Question

A string 25 cm long and having a mass of 2.5 g is under tension. A pipe closed at one end is 40 cm long. When the string is set vibrating in its first overtone and the air in the pipe in its fundamental frequency, 8 beats per second are heard. It is observed that decreasing the tension in the string decrease the beat frequency.

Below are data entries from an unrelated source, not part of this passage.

text \<open>Scaling the optimal rule for \<open>t'\<close> by \<open>t / t'\<close> gives a rule of mass \<open>t\<close>.\<close>

lemma tp_max_lipschitz:
  assumes "0 \<le> t" "t \<le> t'" "t' \<le> group_prob a"
  shows "tp_max a t' - tp_max a t \<le> t' - t"
proof (cases "t' = 0")
  case False
  then have "0 < t'" using assms by simp
  define h where "h = (\<lambda>\<omega>. np_rule a t' (R \<omega>))"
  have h: "h \<in> predictors" using assms unfolding h_def by (intro np_rule_in_predictors) auto
  define \<pi> where "\<pi> = (\<lambda>\<omega>. (t / t') * h \<omega> + (1 - t / t') * 0)"
  have \<pi>: "\<pi> \<in> predictors"
    unfolding \<pi>_def using assms \<open>0 < t'\<close> by (intro predictors_convex const_in_predictors h) auto
  have "pos a \<pi> = t"
    using pos_lincomb[OF h const_in_predictors, of 0 a "t / t'" "1 - t / t'"] pos_np_rule[of t' a] assms \<open>0 < t'\<close>
    by (simp add: \<pi>_def h_def)
  moreover have "true_pos a \<pi> = (t / t') * tp_max a t'"
    using true_pos_lincomb[OF h const_in_predictors, of 0 a "t / t'" "1 - t / t'"]
    by (simp add: \<pi>_def h_def tp_max_def)
  ultimately have "(t / t') * tp_max a t' \<le> tp_max a t"
    using true_pos_le_tp_max[OF \<pi>, of a] by simp
  then have "tp_max a t' - tp_max a t \<le> (1 - t / t') * tp_max a t'"
    by (simp add: algebra_simps)
  also have "\<dots> \<le> (1 - t / t') * t'"
    using tp_max_bounds[of t' a] assms \<open>0 < t'\<close> by (intro mult_left_mono) auto
  also have "\<dots> = t' - t" using \<open>0 < t'\<close> by (simp add: field_simps)
  finally show ?thesis .
qed (use assms in simp)

lemma continuous_on_tp_max: "continuous_on {0..group_prob a} (tp_max a)"
proof (rule lipschitz_on_continuous_on[of 1], rule lipschitz_onI)
  fix x y assume "x \<in> {0..group_prob a}" "y \<in> {0..group_prob a}"
  then show "dist (tp_max a x) (tp_max a y) \<le> 1 * dist x y"
    using tp_max_mono[of x y a] tp_max_lipschitz[of x y a] tp_max_mono[of y x a] tp_max_lipschitz[of y x a]
    by (cases "x \<le> y") (auto simp: dist_real_def)
qed simp

text \<open>
  The least true-positive mass at positive mass \<open>t\<close> is attained by the complement of the
  optimal rule for positive mass \<open>group_prob a - t\<close>.
\<close>

definition min_rule :: "bool \<Rightarrow> real \<Rightarrow> real \<Rightarrow> real" where
  "min_rule a t r = 1 - np_rule a (group_prob a - t) r"

definition tp_min :: "bool \<Rightarrow> real \<Rightarrow> real" where
  "tp_min a t = true_pos a (\<lambda>_. 1) - tp_max a (group_prob a - t)"

lemma min_rule_in_predictors:
  "0 \<le> t \<Longrightarrow> t \<le> group_prob a \<Longrightarrow> (\<lambda>\<omega>. min_rule a t (R \<omega>)) \<in> predictors"
  unfolding min_rule_def by (intro complement_in_predictors np_rule_in_predictors) auto
(* Let $d\ge2$, $n\in\mathbb N$, and let $T\subset[0,1)^d$ be a finite set such that $2\pi T:=\{2\pi\mathbf x:\mathbf x\in T\}$ provides universal discretization in $L_\infty$ for the collection $\mathcal C(n,d)$ with constant $C_1(d)>0$, i.e. $C_1(d)\|f\|_\infty\le\max_{\xi\in2\pi T}|f(\xi)|$ for every $f\in\mathcal T(R(\mathbf s))$ and every $\mathbf s\in\mathbb Z_+^d$ with $\|\mathbf s\|_1=n$. Then there exists a constant $C(d)>0$, depending only on $d$ and $C_1(d)$ (not on $n$ or $T$), such that $\mathrm{disp}(T)\le C(d)2^{-n}$.
   Context: $\mathbb T^d:=[0,2\pi)^d$; $\|f\|_\infty:=\sup_{\mathbf x}|f(\mathbf x)|$. For $\mathbf x<\mathbf y$ in $[0,1)^d$ (coordinatewise), $[\mathbf x,\mathbf y):=[x_1,y_1)\times\cdots\times[x_d,y_d)$, and $\mathcal B$ is the set of all such boxes. The dispersion of a finite $T\subset[0,1)^d$ is $\mathrm{disp}(T):=\sup\{\mathrm{vol}(B):B\in\mathcal B,\ B\cap T=\emptyset\}$. For finite $Q\subset\mathbb Z^d$, $\mathcal T(Q)$ is the space of trigonometric polynomials $\sum_{\mathbf k\in Q}c_{\mathbf k}e^{i(\mathbf k,\mathbf x)}$. For $\mathbf s\in\mathbb Z_+^d$, $R(\mathbf s):=\{\mathbf k\in\mathbb Z^d:|k_j|<2^{s_j}\ \forall j\}$ and $\mathcal C(n,d):=\{\mathcal T(R(\mathbf s)):\|\mathbf s\|_1=n\}$. *)

theory Defs
  imports "HOL-Analysis.Analysis"
begin

text \<open>Points of [0,1)^d and of the torus are functions on a finite index type 'd
  (so d = CARD('d)). Frequencies are functions 'd \<Rightarrow> int.\<close>

definition unit_cube :: "('d::finite \<Rightarrow> real) set" where
  "unit_cube = {x. \<forall>j. 0 \<le> x j \<and> x j < 1}"

definition torus :: "('d::finite \<Rightarrow> real) set" where
  "torus = {x. \<forall>j. 0 \<le> x j \<and> x j < 2 * pi}"

definition hyperbolic_rect :: "('d::finite \<Rightarrow> nat) \<Rightarrow> ('d \<Rightarrow> int) set" where
  "hyperbolic_rect s = {k. \<forall>j. \<bar>k j\<bar> < 2 ^ (s j)}"

definition trig_poly :: "('d::finite \<Rightarrow> int) set \<Rightarrow> (('d \<Rightarrow> int) \<Rightarrow> complex) \<Rightarrow> ('d \<Rightarrow> real) \<Rightarrow> complex" where
  "trig_poly Q c x = (\<Sum>k\<in>Q. c k * cis (\<Sum>j\<in>UNIV. real_of_int (k j) * x j))"

definition sup_norm :: "(('d::finite \<Rightarrow> real) \<Rightarrow> complex) \<Rightarrow> real" where
  "sup_norm f = (SUP x\<in>torus. cmod (f x))"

If the speed of sound in air is 320 m/s, then the tension in the string is $(20+x)N$. Find x.

Answer 1

Given - length of string $l=25cm=0.25m$ ,

mass of string $M=2.5g=0.0025kg$ ,

length of pipe $L=40cm=0.40m$ ,

frequency of first overtone of string of length $l$ is given by ,

$n_2=\frac{1}{l}\sqrt{\frac{T}{m}}$

where $T$ is the tension in string , and $m$ is the mass per unit length i.e. $m=M/l=0.0025/0.25=0.01$ ,

therefore frequency of first overtone of string ,

$n_2=\frac{1}{0.25}\sqrt{\frac{T}{0.01}}=40\sqrt{T}$ ,

now , fundamental frequency of closed organ pipe ,

$n_{{}_1}^{\prime }=v/4L=320/(4\times 0.40)=200Hz$ ,

given , beat frequency $=8$ ,

therefore , $n_2-n_1^{\prime }=8$ ,

$40\sqrt{T}-200=8$ ,

or $\sqrt{T}=208/40=5.2$ ,

or $T=27.04N$